Staying with the University of California, UC Davis post their forthcoming activities, including a course on conservation and augmentation in biological control, at http://ucdnema.ucdavis.edu/imagemap/nemmap/ENT135/12aCons.htm

http://www.rain.org/~sals/cotton.html, linked to the RAIN (Regional Alliance for Information Networking) site, was the only other page of real interest and carries an informative article about biological control in cotton, within which there is a good discussion on conservation in cotton systems.

It seems, then, that the bulk of information on conservation of natural enemies is to found at sites with a somewhat broader subject matter, and here I turn to my `Blue Chip' sites.

http://ipmwww.ncsu.edu/biocontrol/2a.htm/#2, a site within the Biological Control Virtual Information Center includes a chart listing commercially available natural enemies and pesticides that are compatible with them. While this is aimed at augmentative releases, it contains pesticide effect data for some important generalized predator groups such as lacewings and ladybirds which may be applicable to field use.

http://www.igc.org/panna/pestis.html carries the Pesticide Information Service (PESTIS). PESTIS is an on-line database that contains pesticide reform-related material, including articles, newsletters, reports and action alerts. While I could find no articles relating directly to conservation of natural enemies using the site search engine, there were a number of articles, such as `Benefiting from Bugs' by Dan Imhoff, that contained a discussion on the topic.

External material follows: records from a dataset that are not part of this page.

(* Let $E$ be the equational theory of implicative semilattices (algebras in signature $\{\top,\wedge,\to\}$; the $\{\top,\wedge,\to\}$-fragment of intuitionistic logic) and $C=\{z\}$. The $C$-unification problem $\big((x\to z)\wedge(y\to z)\to z,\ \top\big)$ has the $C$-unifiers $\sigma=\{x\mapsto\top,\ y\mapsto y\}$ and $\tau=\{x\mapsto x,\ y\mapsto\top\}$ (both fixing $z$), which are incomparable, and there is no $C$-unifier $\mu$ such that both $\sigma$ and $\tau$ are less general than $\mu$. Consequently this problem has no $C$-mgu, and $E$ does not have unitary svr-unification type.
   Context: For a finite set $C$ of variables, a substitution $\sigma$ is $C$-invariant if $\sigma(c)=c$ for $c\in C$ and $\sigma(x)$ contains no variable of $C$ for $x\notin C$. A $C$-unifier of a problem $\{(\phi_j,\psi_j)\}$ is a $C$-invariant substitution $\sigma$ with $E\models\sigma(\phi_j)=\sigma(\psi_j)$ for all $j$. A substitution $\tau$ is less general than $\sigma$ if there is a substitution $\theta$ with $E\models\tau(v)=\theta(\sigma(v))$ for every variable $v$. A $C$-mgu is a $C$-unifier $\mu$ such that every $C$-unifier is less general than $\mu$; $E$ has unitary svr-unification type if every $C$-unification problem (for every $C$) with a $C$-unifier has a $C$-mgu. *)

theory Defs
  imports Main
begin

datatype 'v trm = Var 'v | Top | Meet "'v trm" "'v trm" | Imp "'v trm" "'v trm"

primrec vars :: "'v trm \<Rightarrow> 'v set" where
  "vars (Var v) = {v}"
| "vars Top = {}"
| "vars (Meet s t) = vars s \<union> vars t"
| "vars (Imp s t) = vars s \<union> vars t"

type_synonym 'v subst = "'v \<Rightarrow> 'v trm"

primrec app :: "'v subst \<Rightarrow> 'v trm \<Rightarrow> 'v trm" where
  "app \<sigma> (Var v) = \<sigma> v"
| "app \<sigma> Top = Top"
| "app \<sigma> (Meet s t) = Meet (app \<sigma> s) (app \<sigma> t)"
| "app \<sigma> (Imp s t) = Imp (app \<sigma> s) (app \<sigma> t)"

text \<open>Equational basis of the variety of implicative semilattices
  (meet-semilattice with top, plus the standard identities for relative
  pseudocomplement).\<close>
inductive isl_axiom :: "'v trm \<Rightarrow> 'v trm \<Rightarrow> bool" where
  "isl_axiom (Meet x x) x"
| "isl_axiom (Meet x y) (Meet y x)"
| "isl_axiom (Meet x (Meet y z)) (Meet (Meet x y) z)"
| "isl_axiom (Meet x Top) x"
| "isl_axiom (Imp x x) Top"
| "isl_axiom (Meet x (Imp x y)) (Meet x y)"
| "isl_axiom (Meet y (Imp x y)) y"
| "isl_axiom (Imp x (Meet y z)) (Meet (Imp x y) (Imp x z))"

text \<open>E |= s = t: the equational theory E of implicative semilattices,
  i.e. the closure of the axioms under equational logic
  (reflexivity, symmetry, transitivity, congruence; axioms are schematic,
  hence closed under substitution).\<close>
inductive E_eq :: "'v trm \<Rightarrow> 'v trm \<Rightarrow> bool" where
  ax: "isl_axiom s t \<Longrightarrow> E_eq s t"
| refl: "E_eq t t"
| sym: "E_eq s t \<Longrightarrow> E_eq t s"
| trans: "E_eq s t \<Longrightarrow> E_eq t u \<Longrightarrow> E_eq s u"
| meet: "E_eq s1 t1 \<Longrightarrow> E_eq s2 t2 \<Longrightarrow> E_eq (Meet s1 s2) (Meet t1 t2)"
| imp: "E_eq s1 t1 \<Longrightarrow> E_eq s2 t2 \<Longrightarrow> E_eq (Imp s1 s2) (Imp t1 t2)"

definition C_invariant :: "'v set \<Rightarrow> 'v subst \<Rightarrow> bool" where
  "C_invariant C \<sigma> \<longleftrightarrow> (\<forall>c\<in>C. \<sigma> c = Var c) \<and> (\<forall>x. x \<notin> C \<longrightarrow> vars (\<sigma> x) \<inter> C = {})"

definition C_unifier :: "'v set \<Rightarrow> ('v trm \<times> 'v trm) list \<Rightarrow> 'v subst \<Rightarrow> bool" where
  "C_unifier C P \<sigma> \<longleftrightarrow> C_invariant C \<sigma> \<and> (\<forall>(s, t) \<in> set P. E_eq (app \<sigma> s) (app \<sigma> t))"

definition less_general :: "'v subst \<Rightarrow> 'v subst \<Rightarrow> bool" where
  "less_general \<tau> \<sigma> \<longleftrightarrow> (\<exists>\<theta>. \<forall>v. E_eq (\<tau> v) (app \<theta> (\<sigma> v)))"

definition C_mgu :: "'v set \<Rightarrow> ('v trm \<times> 'v trm) list \<Rightarrow> 'v subst \<Rightarrow> bool" where
  "C_mgu C P \<mu> \<longleftrightarrow> C_unifier C P \<mu> \<and> (\<forall>\<sigma>. C_unifier C P \<sigma> \<longrightarrow> less_general \<sigma> \<mu>)"

definition unitary_svr :: "'v itself \<Rightarrow> bool" where
  "unitary_svr _ \<longleftrightarrow> (\<forall>(C :: 'v set) P. finite C \<longrightarrow> (\<exists>\<sigma>. C_unifier C P \<sigma>) \<longrightarrow> (\<exists>\<mu>. C_mgu C P \<mu>))"

end

theory Submission
  imports Defs
begin

text \<open>Both substitutions unify the problem, and neither is an instance of the other because
  no instance of a variable is E-equal to \<open>Top\<close> (two-valued semantics). Suppose \<open>\<mu>\<close> is a
  \<open>{z}\<close>-unifier having \<open>\<sigma> \<approx> \<theta>\<^sub>\<sigma> \<circ> \<mu>\<close> and \<open>\<tau> \<approx> \<theta>\<^sub>\<tau> \<circ> \<mu>\<close> as instances, and put \<open>a = \<mu> x\<close>, \<open>b = \<mu> y\<close>.
  As \<open>z\<close> occurs in neither, interpreting \<open>z\<close> as "\<open>a\<close> or \<open>b\<close>" in a Kripke model shows that every
  world forces \<open>a\<close> or \<open>b\<close>. In a model with a root below two classical leaves, persistence then
  makes \<open>a\<close> true at both leaves or \<open>b\<close> true at both. But \<open>\<theta>\<^sub>\<tau> a \<approx> x\<close> and \<open>\<theta>\<^sub>\<sigma> b \<approx> y\<close>, so
  pulling back along \<open>\<theta>\<^sub>\<tau>\<close> a valuation falsifying \<open>x\<close>, and along \<open>\<theta>\<^sub>\<sigma>\<close> one falsifying \<open>y\<close>,
  gives leaves refuting \<open>a\<close> and \<open>b\<close> respectively.\<close>

primrec beval :: "('v \<Rightarrow> bool) \<Rightarrow> 'v trm \<Rightarrow> bool" where
  "beval f (Var v) = f v"
| "beval f Top = True"
| "beval f (Meet s t) = (beval f s \<and> beval f t)"
| "beval f (Imp s t) = (beval f s \<longrightarrow> beval f t)"

lemma beval_sound: "E_eq s t \<Longrightarrow> beval f s = beval f t"
proof (induction rule: E_eq.induct)
  case (ax s t) then show ?case by (cases rule: isl_axiom.cases) auto
qed auto

lemma beval_app: "beval f (app \<theta> t) = beval (\<lambda>v. beval f (\<theta> v)) t"
  by (induction t) auto

lemma not_E_eq_Var_Top: "\<not> E_eq (Var v) Top"
  using beval_sound[of "Var v" Top "\<lambda>_. False"] by auto

primrec forces :: "('w \<Rightarrow> 'w \<Rightarrow> bool) \<Rightarrow> ('v \<Rightarrow> 'w \<Rightarrow> bool) \<Rightarrow> 'w \<Rightarrow> 'v trm \<Rightarrow> bool" where
  "forces R V w (Var v) = V v w"
| "forces R V w Top = True"
| "forces R V w (Meet s t) = (forces R V w s \<and> forces R V w t)"
| "forces R V w (Imp s t) = (\<forall>w'. R w w' \<longrightarrow> forces R V w' s \<longrightarrow> forces R V w' t)"

definition mono_valuation :: "('w \<Rightarrow> 'w \<Rightarrow> bool) \<Rightarrow> ('v \<Rightarrow> 'w \<Rightarrow> bool) \<Rightarrow> bool" where
  "mono_valuation R V \<longleftrightarrow> (\<forall>v w w'. R w w' \<longrightarrow> V v w \<longrightarrow> V v w')"

lemma forces_mono:
  assumes "transp R" "mono_valuation R V" "R w w'" "forces R V w t"
  shows "forces R V w' t"
  using assms(3,4)
proof (induction t arbitrary: w w')
  case (Var v) then show ?case using assms(2) by (auto simp: mono_valuation_def)
next
  case (Imp s t) then show ?case using assms(1) by (auto dest: transpD)
qed auto

lemma forces_sound:
  assumes "reflp R" "transp R" "mono_valuation R V" "E_eq s t"
  shows "forces R V w s = forces R V w t"
  using assms(4)
proof (induction arbitrary: w rule: E_eq.induct)
  case (ax s t)
  note refl = reflpD[OF assms(1)] and mono = forces_mono[OF assms(2,3)]
  from ax show ?case
    by (cases rule: isl_axiom.cases) (auto intro: refl mono)
qed auto

lemma forces_cong:
  "(\<And>v. v \<in> vars t \<Longrightarrow> V v = V' v) \<Longrightarrow> forces R V w t = forces R V' w t"
  by (induction t arbitrary: w) auto

lemma forces_maximal:
  assumes "R w w" "\<And>w'. R w w' \<Longrightarrow> w' = w"
  shows "forces R V w t = beval (\<lambda>v. V v w) t"
  using assms by (induction t) auto

definition wedge :: "'a option \<Rightarrow> 'a option \<Rightarrow> bool" where
  "wedge w w' \<longleftrightarrow> w = None \<or> w = w'"

lemma reflp_wedge: "reflp wedge"
  by (simp add: reflp_def wedge_def)

lemma transp_wedge: "transp wedge"
  by (auto simp: transp_def wedge_def)

lemma forces_wedge_leaf: "forces wedge V (Some l) t = beval (\<lambda>v. V v (Some l)) t"
  by (rule forces_maximal) (auto simp: wedge_def)

text \<open>\<open>((a \<or> b) \<rightarrow> c) \<rightarrow> c\<close> expressed without disjunction.\<close>
definition problem_trm :: "'v trm \<Rightarrow> 'v trm \<Rightarrow> 'v trm \<Rightarrow> 'v trm" where
  "problem_trm a b c = Imp (Meet (Imp a c) (Imp b c)) c"

lemma app_problem_trm [simp]:
  "app \<theta> (problem_trm a b c) = problem_trm (app \<theta> a) (app \<theta> b) (app \<theta> c)"
  by (simp add: problem_trm_def)

declare E_eq.trans [trans]

lemma E_eq_Imp_Top: "E_eq (Imp Top t) t"
proof -
  have "E_eq (Imp Top t) (Meet (Imp Top t) Top)"
    by (rule E_eq.sym, rule E_eq.ax, rule isl_axiom.intros)
  also have "E_eq \<dots> (Meet Top (Imp Top t))" by (rule E_eq.ax, rule isl_axiom.intros)
  also have "E_eq \<dots> (Meet Top t)" by (rule E_eq.ax, rule isl_axiom.intros)
  also have "E_eq \<dots> (Meet t Top)" by (rule E_eq.ax, rule isl_axiom.intros)
  also have "E_eq \<dots> t" by (rule E_eq.ax, rule isl_axiom.intros)
  finally show ?thesis .
qed

lemma E_eq_problem_trm_Top_left: "E_eq (problem_trm Top b c) Top"
proof -
  have "E_eq (problem_trm Top b c) (Imp (Meet c (Imp b c)) c)"
    unfolding problem_trm_def by (intro E_eq.imp E_eq.meet E_eq.refl E_eq_Imp_Top)
  also have "E_eq \<dots> (Imp c c)" by (intro E_eq.imp E_eq.refl E_eq.ax isl_axiom.intros)
  also have "E_eq \<dots> Top" by (rule E_eq.ax, rule isl_axiom.intros)
  finally show ?thesis .
qed

lemma E_eq_problem_trm_swap: "E_eq (problem_trm a b c) (problem_trm b a c)"
  unfolding problem_trm_def by (intro E_eq.imp E_eq.refl E_eq.ax isl_axiom.intros)

lemma E_eq_problem_trm_Top_right: "E_eq (problem_trm a Top c) Top"
  using E_eq.trans[OF E_eq_problem_trm_swap E_eq_problem_trm_Top_left] .

lemma forces_disj_if_problem_trm_valid:
  assumes "reflp R" "transp R" "mono_valuation R V"
    and valid: "E_eq (problem_trm a b (Var z)) Top" and "z \<notin> vars a" "z \<notin> vars b"
  shows "forces R V w a \<or> forces R V w b"
proof -
  define V' where "V' v = (if v = z then (\<lambda>w. forces R V w a \<or> forces R V w b) else V v)" for v
  have "mono_valuation R V'"
    using assms(3) forces_mono[OF assms(2,3)] by (auto simp: mono_valuation_def V'_def)
  then have "forces R V' w (problem_trm a b (Var z))"
    using forces_sound[OF assms(1,2) _ valid] by simp
  moreover have "forces R V' w' a = forces R V w' a" "forces R V' w' b = forces R V w' b" for w'
    using assms(5,6) by (auto intro!: forces_cong simp: V'_def)
  ultimately have "V' z w"
    using reflpD[OF assms(1)] by (auto simp: problem_trm_def V'_def)
  then show ?thesis by (simp add: V'_def)
qed

lemma beval_disj_if_problem_trm_valid:
  assumes "E_eq (problem_trm a b (Var z)) Top" "z \<notin> vars a" "z \<notin> vars b"
  shows "(beval f a \<and> beval g a) \<or> (beval f b \<and> beval g b)"
proof -
  define V where "V v w = (case w of None \<Rightarrow> f v \<and> g v | Some l \<Rightarrow> if l then f v else g v)"
    for v and w :: "bool option"
  have "mono_valuation wedge V"
    by (auto simp: mono_valuation_def wedge_def V_def split: option.splits)
  note mono = forces_mono[OF transp_wedge this] and
    root = forces_disj_if_problem_trm_valid[OF reflp_wedge transp_wedge this assms, of None]
  have "forces wedge V (Some l) t = beval (if l then f else g) t" for l t
    unfolding forces_wedge_leaf by (simp add: V_def if_distrib)
  then show ?thesis
    using root mono[of None "Some True"] mono[of None "Some False"] by (force simp: wedge_def)
qed

lemma C_invariant_upd_Top: "x \<notin> C \<Longrightarrow> C_invariant C (Var(x := Top))"
  by (auto simp: C_invariant_def)

lemma not_less_general_upd_Top:
  assumes "x \<noteq> y"
  shows "\<not> less_general (Var(x := Top)) (Var(y := Top))"
proof
  assume "less_general (Var(x := Top)) (Var(y := Top))"
  then obtain \<theta> where "E_eq ((Var(x := Top)) y) (app \<theta> ((Var(y := Top)) y))"
    unfolding less_general_def by blast
  with assms show False using not_E_eq_Var_Top[of y] by simp
qed

lemma no_common_generalization:
  assumes "x \<noteq> y" "x \<noteq> z" "y \<noteq> z"
    and unif: "C_unifier {z} [(problem_trm (Var x) (Var y) (Var z), Top)] \<mu>"
    and "less_general (Var(x := Top)) \<mu>" "less_general (Var(y := Top)) \<mu>"
  shows False
proof -
  obtain \<theta>\<^sub>\<sigma> \<theta>\<^sub>\<tau> where "\<And>v. E_eq ((Var(x := Top)) v) (app \<theta>\<^sub>\<sigma> (\<mu> v))"
    and "\<And>v. E_eq ((Var(y := Top)) v) (app \<theta>\<^sub>\<tau> (\<mu> v))"
    using assms(5,6) by (auto simp: less_general_def)
  then have inst: "E_eq (Var y) (app \<theta>\<^sub>\<sigma> (\<mu> y))" "E_eq (Var x) (app \<theta>\<^sub>\<tau> (\<mu> x))"
    by (metis assms(1) fun_upd_other)+
  from unif have "E_eq (problem_trm (\<mu> x) (\<mu> y) (Var z)) Top" "z \<notin> vars (\<mu> x)" "z \<notin> vars (\<mu> y)"
    using assms(2,3) by (auto simp: C_unifier_def C_invariant_def)
  from beval_disj_if_problem_trm_valid[OF this,
      of "\<lambda>v. beval (\<lambda>u. u \<noteq> x) (\<theta>\<^sub>\<tau> v)" "\<lambda>v. beval (\<lambda>u. u \<noteq> y) (\<theta>\<^sub>\<sigma> v)"]
  show False
    using beval_sound[OF inst(1), of "\<lambda>u. u \<noteq> y"] beval_sound[OF inst(2), of "\<lambda>u. u \<noteq> x"]
    by (simp add: beval_app)
qed

theorem mainTheorem12:
  fixes x y z :: nat
  assumes "x \<noteq> y" "x \<noteq> z" "y \<noteq> z"
  defines "P \<equiv> [(Imp (Meet (Imp (Var x) (Var z)) (Imp (Var y) (Var z))) (Var z), Top)]"
      and "\<sigma> \<equiv> Var(x := Top)"
      and "\<tau> \<equiv> Var(y := Top)"
  shows "C_unifier {z} P \<sigma> \<and> C_unifier {z} P \<tau>
         \<and> \<not> less_general \<sigma> \<tau> \<and> \<not> less_general \<tau> \<sigma>
         \<and> \<not> (\<exists>\<mu>. C_unifier {z} P \<mu> \<and> less_general \<sigma> \<mu> \<and> less_general \<tau> \<mu>)
         \<and> \<not> (\<exists>\<mu>. C_mgu {z} P \<mu>)
         \<and> \<not> unitary_svr TYPE(nat)"
proof -
  have P: "P = [(problem_trm (Var x) (Var y) (Var z), Top)]"
    by (simp add: P_def problem_trm_def)
  have unif: "C_unifier {z} P \<sigma>" "C_unifier {z} P \<tau>"
    using assms(1-3) E_eq_problem_trm_Top_left E_eq_problem_trm_Top_right
    by (auto simp: P C_unifier_def C_invariant_upd_Top \<sigma>_def \<tau>_def)
  moreover have "\<not> less_general \<sigma> \<tau>" "\<not> less_general \<tau> \<sigma>"
    using assms(1) not_less_general_upd_Top unfolding \<sigma>_def \<tau>_def by metis+
  moreover have no_common: "\<not> (\<exists>\<mu>. C_unifier {z} P \<mu> \<and> less_general \<sigma> \<mu> \<and> less_general \<tau> \<mu>)"
    using no_common_generalization[OF assms(1-3)] unfolding P \<sigma>_def \<tau>_def by blast
  moreover have "\<not> (\<exists>\<mu>. C_mgu {z} P \<mu>)"
    using no_common unif unfolding C_mgu_def by blast
  moreover have "\<not> unitary_svr TYPE(nat)"
    using calculation unif unfolding unitary_svr_def by blast
  ultimately show ?thesis by blast
qed

end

http://www.wisc.edu/entomology/mbcn/fea201.html, which is home to the on-line journal `Mid-west Biological Control News' proved to be the most useful site. Of particular interest was an article entitled `Conservation of Natural Enemies: Keeping Your Livestock Happy', but which, rest assured, is entirely entomological, and is a nice introduction to conservation as a biocontrol strategy, with a useful list of references and contacts.

So a piecemeal and somehow rather unsatisfying search this quarter, but what it does do is highlight the lack of easy to locate, informative sites on this crucial, but evidently neglected aspect of biological control systems.